Why it matters: ballot processing and election administration are episodic but costly; equipment lifecycles and state software rollouts can produce operational delays and unexpected costs that affect towns’ ability to run elections on schedule.
Town clerk staff described a plan to modernize polling equipment on an eight‑year replacement cycle. The town currently deploys 15 tabulators and is ordering two new high‑speed tabulators to use at a central tabulation facility. Presenters said the machines cost roughly $7,000 apiece and that the department expects to replace two tabulators per year, which drove the $15,000 capital line.
“Those will be our first two high‑speed tabulators,” a town clerk staff member said, explaining the intention to use the new machines in the central tabulation facility for processing vote‑by‑mail and early voting ballots, and over time to place high‑speed units in precincts to reduce late‑night processing.
Committee members pressed on operational details. Staff confirmed ballots may be opened and prepared before polls close but that counting votes cannot be completed until the close of polls, a safeguard intended to prevent premature disclosure of results. Members also asked about leasing options for equipment; staff said they had not pursued leasing and had relied on purchases.

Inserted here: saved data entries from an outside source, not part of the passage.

(* For every $n\ge0$, the simplex $\mathbf{\Delta}^n$ is fibrant in the Thomason model structure on $\mathbf{Cpx}$, i.e. $\mathrm{Ex}^2\mathrm{Sing}(\mathbf{\Delta}^n)$ is a Kan complex.
   Context: A simplicial complex consists of a vertex set and a collection of nonempty finite subsets (simplices) containing all singletons and closed under nonempty subsets; maps are vertex functions preserving simplices; $\mathbf{Cpx}$ is the category. $\mathbf{\Delta}^n$ is the complex on $\{0,\dots,n\}$ in which every nonempty subset is a simplex. $\mathrm{Sing}(K)_n=\mathbf{Cpx}(\mathbf{\Delta}^n,K)$ with simplicial operators by precomposition; $\mathrm{Ex}$ is the right adjoint of barycentric subdivision of simplicial sets. In the Thomason model structure on $\mathbf{Cpx}$ a map $f$ is a fibration iff $\mathrm{Ex}^2\mathrm{Sing}(f)$ is a Kan fibration. *)

theory Defs
  imports "HOL-Library.FuncSet"
begin

record 'v cpx =
  cverts :: "'v set"
  csimps :: "'v set set"

definition is_cpx :: "'v cpx \<Rightarrow> bool" where
  "is_cpx K \<longleftrightarrow>
     (\<forall>s\<in>csimps K. s \<noteq> {} \<and> finite s \<and> s \<subseteq> cverts K) \<and>
     (\<forall>v\<in>cverts K. {v} \<in> csimps K) \<and>
     (\<forall>s\<in>csimps K. \<forall>t. t \<noteq> {} \<and> t \<subseteq> s \<longrightarrow> t \<in> csimps K)"

definition cpx_map :: "'v cpx \<Rightarrow> 'w cpx \<Rightarrow> ('v \<Rightarrow> 'w) \<Rightarrow> bool" where
  "cpx_map K L f \<longleftrightarrow>
     (\<forall>v\<in>cverts K. f v \<in> cverts L) \<and> (\<forall>s\<in>csimps K. f ` s \<in> csimps L)"

definition Delta_cpx :: "nat \<Rightarrow> nat cpx" where
  "Delta_cpx n = \<lparr> cverts = {0..n}, csimps = {s. s \<noteq> {} \<and> s \<subseteq> {0..n}} \<rparr>"

text \<open>A simplicial set is given by its sets of \<open>n\<close>-simplices \<open>sobj X n\<close> and its
simplicial operators: for a monotone map \<open>\<theta> : [m] \<rightarrow> [n]\<close>,
\<open>sop X m n \<theta>\<close> maps \<open>n\<close>-simplices to \<open>m\<close>-simplices.\<close>

record 'a sset =
  sobj :: "nat \<Rightarrow> 'a set"
  sop  :: "nat \<Rightarrow> nat \<Rightarrow> (nat \<Rightarrow> nat) \<Rightarrow> 'a \<Rightarrow> 'a"

definition mono_op :: "nat \<Rightarrow> nat \<Rightarrow> (nat \<Rightarrow> nat) \<Rightarrow> bool" where
  "mono_op m n \<theta> \<longleftrightarrow> (\<forall>i\<le>m. \<theta> i \<le> n) \<and> (\<forall>i j. i \<le> j \<and> j \<le> m \<longrightarrow> \<theta> i \<le> \<theta> j)"

definition coface :: "nat \<Rightarrow> nat \<Rightarrow> nat" where
  "coface i j = (if j < i then j else Suc j)"

definition face :: "'a sset \<Rightarrow> nat \<Rightarrow> nat \<Rightarrow> 'a \<Rightarrow> 'a" where
  "face X n i x = sop X (n - 1) n (coface i) x"

text \<open>Kan complex: every horn \<open>\<Lambda>^n_k \<rightarrow> X\<close> (given as a compatible family of
\<open>(n-1)\<close>-simplices \<open>y i\<close>, \<open>i \<noteq> k\<close>) extends to an \<open>n\<close>-simplex.\<close>
definition kan_complex :: "'a sset \<Rightarrow> bool" where
  "kan_complex X \<longleftrightarrow>
    (\<forall>n k (y :: nat \<Rightarrow> 'a). 1 \<le> n \<and> k \<le> n \<and>
       (\<forall>i\<le>n. i \<noteq> k \<longrightarrow> y i \<in> sobj X (n - 1)) \<and>
       (\<forall>i j. i < j \<and> j \<le> n \<and> i \<noteq> k \<and> j \<noteq> k \<longrightarrow>
              face X (n - 1) i (y j) = face X (n - 1) (j - 1) (y i))
     \<longrightarrow> (\<exists>x\<in>sobj X n. \<forall>i\<le>n. i \<noteq> k \<longrightarrow> face X n i x = y i))"

definition Sing :: "'v cpx \<Rightarrow> (nat \<Rightarrow> 'v) sset" where
  "Sing K = \<lparr> sobj = (\<lambda>n. {\<sigma>. \<sigma> \<in> extensional {0..n} \<and> cpx_map (Delta_cpx n) K \<sigma>}),
              sop = (\<lambda>m n \<theta> \<sigma>. restrict (\<sigma> \<circ> \<theta>) {0..m}) \<rparr>"

text \<open>The \<open>k\<close>-simplices of \<open>sd \<Delta>^n\<close>, the nerve of the poset of nonempty subsets
of \<open>{0..n}\<close>: chains \<open>c 0 \<subseteq> \<dots> \<subseteq> c k\<close> (extended by \<open>{}\<close> beyond \<open>k\<close>).\<close>
definition sd_simp :: "nat \<Rightarrow> nat \<Rightarrow> (nat \<Rightarrow> nat set) set" where
  "sd_simp n k = {c. (\<forall>i\<le>k. c i \<noteq> {} \<and> c i \<subseteq> {0..n}) \<and>
                     (\<forall>i j. i \<le> j \<and> j \<le> k \<longrightarrow> c i \<subseteq> c j) \<and>
                     (\<forall>i>k. c i = {})}"

definition sd_op :: "nat \<Rightarrow> (nat \<Rightarrow> nat) \<Rightarrow> (nat \<Rightarrow> nat set) \<Rightarrow> (nat \<Rightarrow> nat set)" where
  "sd_op m \<theta> c = (\<lambda>i. if i \<le> m then c (\<theta> i) else {})"

text \<open>\<open>sd\<close> applied to \<open>\<theta> : \<Delta>^m \<rightarrow> \<Delta>^n\<close>, on \<open>k\<close>-simplices: take images.\<close>
definition sd_map :: "nat \<Rightarrow> (nat \<Rightarrow> nat) \<Rightarrow> (nat \<Rightarrow> nat set) \<Rightarrow> (nat \<Rightarrow> nat set)" where
  "sd_map k \<theta> c = (\<lambda>i. if i \<le> k then \<theta> ` c i else {})"

definition sd_hom :: "nat \<Rightarrow> 'a sset \<Rightarrow> (nat \<Rightarrow> (nat \<Rightarrow> nat set) \<Rightarrow> 'a) set" where
  "sd_hom n X = {f. (\<forall>k c. c \<in> sd_simp n k \<longrightarrow> f k c \<in> sobj X k) \<and>
                    (\<forall>k c. c \<notin> sd_simp n k \<longrightarrow> f k c = undefined) \<and>
                    (\<forall>m k \<theta> c. mono_op m k \<theta> \<and> c \<in> sd_simp n k \<longrightarrow>
                        f m (sd_op m \<theta> c) = sop X m k \<theta> (f k c))}"

text \<open>\<open>Ex X\<close>: \<open>(Ex X)_n = sSet(sd \<Delta>^n, X)\<close>, operators by precomposition with \<open>sd \<theta>\<close>.\<close>
definition Ex :: "'a sset \<Rightarrow> (nat \<Rightarrow> (nat \<Rightarrow> nat set) \<Rightarrow> 'a) sset" where
  "Ex X = \<lparr> sobj = (\<lambda>n. sd_hom n X),
            sop = (\<lambda>m n \<theta> f. (\<lambda>k c. if c \<in> sd_simp m k then f k (sd_map k \<theta> c) else undefined)) \<rparr>"

end

theory Submission
  imports Defs
begin

text \<open>Every vertex map into \<open>\<Delta>\<^sup>N\<close> is simplicial, so \<open>Sing \<Delta>\<^sup>N\<close> is the codiscrete
simplicial set on \<open>{0..N}\<close>, and a \<open>k\<close>-simplex of \<open>Ex Sing \<Delta>\<^sup>N\<close> amounts to a labelling
of the nonempty subsets of \<open>{0..k}\<close> by points of \<open>{0..N}\<close>.

Given a horn \<open>y\<close> in \<open>Ex\<^sup>2 Sing \<Delta>\<^sup>N\<close> missing the face \<open>K\<close>, the filler sends a chain
\<open>c\<close> of faces of \<open>\<Delta>\<^sup>n\<close> to the labelling whose value at \<open>A\<close> is read off from \<open>y\<^sub>i\<close> for
any \<open>i \<noteq> K\<close> missing from \<open>c (Max A)\<close>: all \<open>c a\<close> with \<open>a \<in> A\<close> then lie in the \<open>i\<close>-th
face. The choice of \<open>i\<close> does not matter. First, the label of \<open>A\<close> depends only on the
restriction of the chain to \<open>A\<close>, as one sees by precomposing with a monotone
retraction of \<open>{0..k}\<close> onto \<open>A\<close>. After this retraction the chain misses both candidate
indices \<open>i < i'\<close>, so it comes from a face of codimension two, where the compatibility
of the horn identifies the two readings.\<close>

lemma sobj_Ex [simp]: "sobj (Ex X) n = sd_hom n X"
  by (simp add: Ex_def)

lemma sop_Ex [simp]:
  "sop (Ex X) m n \<theta> f = (\<lambda>k c. if c \<in> sd_simp m k then f k (sd_map k \<theta> c) else undefined)"
  by (simp add: Ex_def)

lemma sop_Sing [simp]: "sop (Sing K) m n \<theta> \<sigma> = restrict (\<sigma> \<circ> \<theta>) {0..m}"
  by (simp add: Sing_def)

lemma sobj_Sing_subset_extensional: "sobj (Sing K) n \<subseteq> extensional {0..n}"
  by (auto simp: Sing_def)

lemma sobj_Sing_Delta:
  "sobj (Sing (Delta_cpx N)) n = {\<sigma>. \<sigma> \<in> extensional {0..n} \<and> (\<forall>i\<le>n. \<sigma> i \<le> N)}"
  unfolding Sing_def cpx_map_def Delta_cpx_def by auto

lemma face_Ex:
  "c \<in> sd_simp (n - 1) k \<Longrightarrow> face (Ex X) n i f k c = f k (sd_map k (coface i) c)"
  by (simp add: face_def)

lemma mono_op_le: "mono_op m n \<theta> \<Longrightarrow> i \<le> m \<Longrightarrow> \<theta> i \<le> n"
  and mono_op_mono: "mono_op m n \<theta> \<Longrightarrow> i \<le> j \<Longrightarrow> j \<le> m \<Longrightarrow> \<theta> i \<le> \<theta> j"
  by (auto simp: mono_op_def)

lemma sd_simpD:
  assumes "c \<in> sd_simp n k"
  shows sd_simp_nonempty: "l \<le> k \<Longrightarrow> c l \<noteq> {}"
    and sd_simp_subset: "l \<le> k \<Longrightarrow> c l \<subseteq> {0..n}"
    and sd_simp_mono: "a \<le> b \<Longrightarrow> b \<le> k \<Longrightarrow> c a \<subseteq> c b"
    and sd_simp_empty: "k < l \<Longrightarrow> c l = {}"
  using assms by (auto simp: sd_simp_def)

lemma sd_op_in_sd_simp: "mono_op m k \<theta> \<Longrightarrow> c \<in> sd_simp n k \<Longrightarrow> sd_op m \<theta> c \<in> sd_simp n m"
  unfolding sd_simp_def sd_op_def mono_op_def by auto

lemma sd_map_in_sd_simp:
  "(\<And>i. i \<le> m \<Longrightarrow> \<theta> i \<le> n) \<Longrightarrow> c \<in> sd_simp m k \<Longrightarrow> sd_map k \<theta> c \<in> sd_simp n k"
  unfolding sd_simp_def sd_map_def by (auto simp: image_mono) (meson atLeastAtMost_iff subset_iff)+

definition vertex_chain :: "nat set \<Rightarrow> nat \<Rightarrow> nat set" where
  "vertex_chain A = (\<lambda>i. if i = 0 then A else {})"

lemma vertex_chain_in_sd_simp: "A \<noteq> {} \<Longrightarrow> A \<subseteq> {0..n} \<Longrightarrow> vertex_chain A \<in> sd_simp n 0"
  unfolding sd_simp_def vertex_chain_def by auto

lemma sd_op_zero: "sd_op 0 \<theta> c = vertex_chain (c (\<theta> 0))"
  by (auto simp: sd_op_def vertex_chain_def fun_eq_iff)

lemma sd_map_vertex_chain: "sd_map 0 \<theta> (vertex_chain A) = vertex_chain (\<theta> ` A)"
  by (auto simp: sd_map_def vertex_chain_def fun_eq_iff)

lemma monotone_retraction_exists:
  assumes "A \<subseteq> {0..k}" "A \<noteq> {}"
  obtains \<rho> where "mono_op k k \<rho>" "\<And>a. a \<in> A \<Longrightarrow> \<rho> a = a" "\<And>a. \<rho> a \<in> A"
proof
  have fin: "finite A" using assms(1) finite_subset by blast
  define \<rho> where "\<rho> a = (if \<exists>b\<in>A. a \<le> b then LEAST b. b \<in> A \<and> a \<le> b else Max A)" for a
  have least: "\<rho> a \<in> A \<and> a \<le> \<rho> a" if "\<exists>b\<in>A. a \<le> b" for a
    using that LeastI_ex[of "\<lambda>b. b \<in> A \<and> a \<le> b"] unfolding \<rho>_def by auto
  show in_A: "\<rho> a \<in> A" for a
    using least[of a] fin assms(2) by (cases "\<exists>b\<in>A. a \<le> b") (auto simp: \<rho>_def)
  show "\<rho> a = a" if "a \<in> A" for a
    using that by (auto simp: \<rho>_def intro: Least_equality)
  have "\<rho> i \<le> \<rho> j" if "i \<le> j" for i j
  proof (cases "\<exists>b\<in>A. j \<le> b")
    case True
    with least[OF True] that have "\<rho> j \<in> A \<and> i \<le> \<rho> j" by auto
    then have "(LEAST b. b \<in> A \<and> i \<le> b) \<le> \<rho> j" by (rule Least_le)
    moreover have "\<exists>b\<in>A. i \<le> b" using True that le_trans by blast
    ultimately show ?thesis unfolding \<rho>_def[of i] by simp
  next
    case False
    then show ?thesis using in_A[of i] fin by (simp add: \<rho>_def)
  qed
  then show "mono_op k k \<rho>"
    using in_A assms(1) by (fastforce simp: mono_op_def)
qed

lemma inj_coface: "inj (coface i)"
  unfolding inj_def coface_def by (auto split: if_splits)

lemma coface_neq: "coface i v \<noteq> i"
  unfolding coface_def by auto

lemma coface_surj: "w \<noteq> i \<Longrightarrow> w \<in> range (coface i)"
  unfolding coface_def by (rule range_eqI[of _ _ "if w < i then w else w - 1"]) auto

lemma coface_coface: "i < i' \<Longrightarrow> coface i' (coface i v) = coface i (coface (i' - 1) v)"
  unfolding coface_def by auto

lemma coface_le_iff: "i \<le> n \<Longrightarrow> coface i v \<le> n \<longleftrightarrow> v < n"
  unfolding coface_def by auto

lemma sd_map_coface_in_sd_simp:
  "0 < n \<Longrightarrow> i \<le> n \<Longrightarrow> c \<in> sd_simp (n - 1) k \<Longrightarrow> sd_map k (coface i) c \<in> sd_simp n k"
  by (rule sd_map_in_sd_simp) (simp_all add: coface_le_iff)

Clerks raised a second concern: dependencies on multiple state systems. The office uses several different platforms — from the Secretary of the Commonwealth, the ethics commission and vital records systems — and staff said recent state rollouts had introduced delays (for example, a voter registration/census platform that initially failed and set the office back several weeks).
What’s next: the committee will continue budget hearings and carry this information into its review of the town manager’s recommended budget and the warrant materials ahead of spring town meeting.
The committee adjourned after hearing school and other department budgets.